- Directed by: Gerard Lough
- Screenplay by: Gerard Lough;
- Produced by: Gerard Lough; Tanya McLaughlin;
- Starring: Michael Parle; Jack Dean-Shepherd; Claire Blennerhassett; Sarah Louise Carney; Aidan O' Sullivan; Eoin Leahy; Philip Doherty; Andrew Norry;
- Cinematography: Greg Rouladh
- Edited by: Greg Rouladh;
- Music by: Cian Furlong
- Release dates: 25 October 2015 (Horrorthon Film Festival); 13 November 2015 (Ireland);
- Running time: 108 minutes
- Country: Ireland
- Language: English

= Night People (2015 film) =

Night People is a 2015 Irish horror film written and directed by Gerard Lough and starring Michael Parle, Jack Dean-Shepherd and Claire Blennerhassett. The film had its premiere at the Horrorthon Film Festival at the Irish Film Institute on 25 October 2015 and was released in cinemas in Ireland on 13 November 2015. It is the feature film debut of director Gerard Lough.
Although often described as an anthology film, it actually belongs to the sub genre of film known as Hyperlink due to its interwoven story lines.

==Premise==
A pair of professional but badly mismatched criminals break into a vacant house to carry out an insurance scam. Awkwardly thrown together with an hour to pass, they reluctantly start telling each other tall tales. One concerns two friends who discover a mysterious device that may be of alien origin. The other is about an ambitious business woman who provides a dating agency for wealthy fetishists. She attempts to escape this shady line of work by taking on a new client whose habits may be of the vampiric variety. As the night progresses the line between fiction and reality starts to blur and the hidden agendas of both thieves become apparent.

==Production==
===Development===
After finishing his promotional duties on the Sci-Fi short film Ninety Seconds, Lough decided it was now the right time to make his feature film debut. He was inspired by the "Horror / Sci-Fi anthology films of the '80s such as Creepshow, The Twilight Zone and Cat's Eye but with the goal of having each story blend together to make one big story and then bring it stylistically up to date for a modern audience." The screenplay went through close to a dozen drafts and the original idea of four interconnecting stories was eventually changed to three. Many of the same cast and crew he previously worked with on his short films returned for this film.

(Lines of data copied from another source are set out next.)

(* Let $\sim$ be a congruence on a finitely generated commutative monoid $Q$ and $P\subset Q$ a prime ideal. Then $P$ is an associated prime ideal of $\sim$ if and only if every primary decomposition of $\sim$ (i.e. every expression of $\sim$ as the common refinement of finitely many primary congruences) has a $P$-primary component. Moreover, if $P$ is not associated to $\sim$, then every $P$-primary component in every primary decomposition of $\sim$ is redundant: omitting it leaves another primary decomposition of $\sim$.
   Context: $Q$ is written additively with identity $0$. An element $\infty$ of a commutative monoid $M$ is \emph{nil} if $m+\infty=\infty$ for all $m$; $m$ is \emph{nilpotent} if $nm$ is nil for some $n\in\mathbb N$, \emph{cancellative} if $m+a=m+b\Rightarrow a=b$. An \emph{ideal} of $Q$ is a subset $T$ with $T+Q\subseteq T$ (empty set allowed); an ideal $P\ne Q$ is \emph{prime} if $a+b\in P\Rightarrow a\in P$ or $b\in P$; by convention $\varnothing$ is a prime ideal exactly when $Q$ has no nil. A \emph{congruence} is an equivalence relation $\sim$ on $Q$ with $a\sim b\Rightarrow a+c\sim b+c$; $\bar Q=Q/\sim$, $\bar q$ the class of $q$. Common refinement = intersection in $Q\times Q$. A congruence is \emph{primary} if every element of $\bar Q$ is nilpotent or cancellative, and then \emph{$P$-primary} for the prime $P=\{q:\bar q\text{ nilpotent}\}$. Localization: for a prime $P$, $\bar Q_P$ is the monoid of formal differences $\bar a-\bar u$ ($a\in Q$, $u\in Q\setminus P$) with $\bar a-\bar u=\bar b-\bar v$ iff $\bar w+\bar v+\bar a=\bar w+\bar u+\bar b$ in $\bar Q$ for some $w\in Q\setminus P$; elements $p\in Q$ have images $\bar p=\bar p-\bar 0$ in $\bar Q_P$. $P$ is an \emph{associated prime ideal} of $\sim$ if the relation on $\bar Q_P$ given by $x\equiv y$ iff $x+\bar p=y+\bar p$ for all $p\in P$ is not the identity relation (for $P=\varnothing$ this relation is the universal one, so $\varnothing$ is associated iff $\bar Q_\varnothing$ has more than one element). *)

theory Defs
  imports Main
begin

text \<open>The commutative monoid Q is the whole type 'a :: comm_monoid_add.
  Congruences are relations on Q given as sets of pairs; the quotient
  Q/R is represented through R itself (classes of q are compared via R).\<close>

inductive_set mon_gen :: "'a::comm_monoid_add set \<Rightarrow> 'a set" for G where
  zero: "0 \<in> mon_gen G"
| gen: "g \<in> G \<Longrightarrow> g \<in> mon_gen G"
| add: "a \<in> mon_gen G \<Longrightarrow> b \<in> mon_gen G \<Longrightarrow> a + b \<in> mon_gen G"

definition finitely_generated :: "'a::comm_monoid_add itself \<Rightarrow> bool" where
  "finitely_generated _ \<longleftrightarrow> (\<exists>G::'a set. finite G \<and> mon_gen G = UNIV)"

definition nsum :: "nat \<Rightarrow> 'a::comm_monoid_add \<Rightarrow> 'a" where
  "nsum n m = (((+) m) ^^ n) 0"

definition congruence :: "('a::comm_monoid_add \<times> 'a) set \<Rightarrow> bool" where
  "congruence R \<longleftrightarrow> equiv UNIV R \<and> (\<forall>a b c. (a, b) \<in> R \<longrightarrow> (a + c, b + c) \<in> R)"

Other influences included the New Wave music scene of the early 80's and France's 'Cinema du Look' movement.

===Production===
Principal photography began in Co Donegal, Ireland on 1 August 2013 with a series of demanding night shoots. Because the film is divided up into three different stories, the unusual production had to be treated as three different films as each tale had a completely different cast, look, locations, etc., which necessitated a prep / shoot / post process that would repeat itself with each tale and take shooting well into 2014. The film started shooting on Canon HD cameras which Lough had worked with before on his short film Ninety Seconds and had found to be very sensitive to low light conditions and night shoots. The shoot took in many visually striking locations as diverse as Fanad Lighthouse, Barnesmore Gap and Grianan of Aileach but constantly ran into bad weather. As Lough joked in an interview, "All the rain in the movie is not me paying homage to Blade Runner – it's the real thing". The shoot moved to Dublin for two days to use locations such as The Marker Hotel. Principal photography ended on 23 August 2014.

===Post Production===
Over a six-month period, composer Cian Furlong created over an hour's worth of densely layered, completely electronic music. His score was made entirely on Mulab while also using orchestral samples such as brass and strings. The score included a new electronic version of The Flower Duet from the opera Lakme. Its inclusion was intended by Lough as a homage to director Tony Scott who used the same music in his feature debut The Hunger, a film that influenced Night People. Musically the rest of the film included seven different synthesizer tracks from various up and coming bands and artists such as Electro Kill Machine (who contributed two songs). All of the film's visual effects were produced solely by Paul Barrett.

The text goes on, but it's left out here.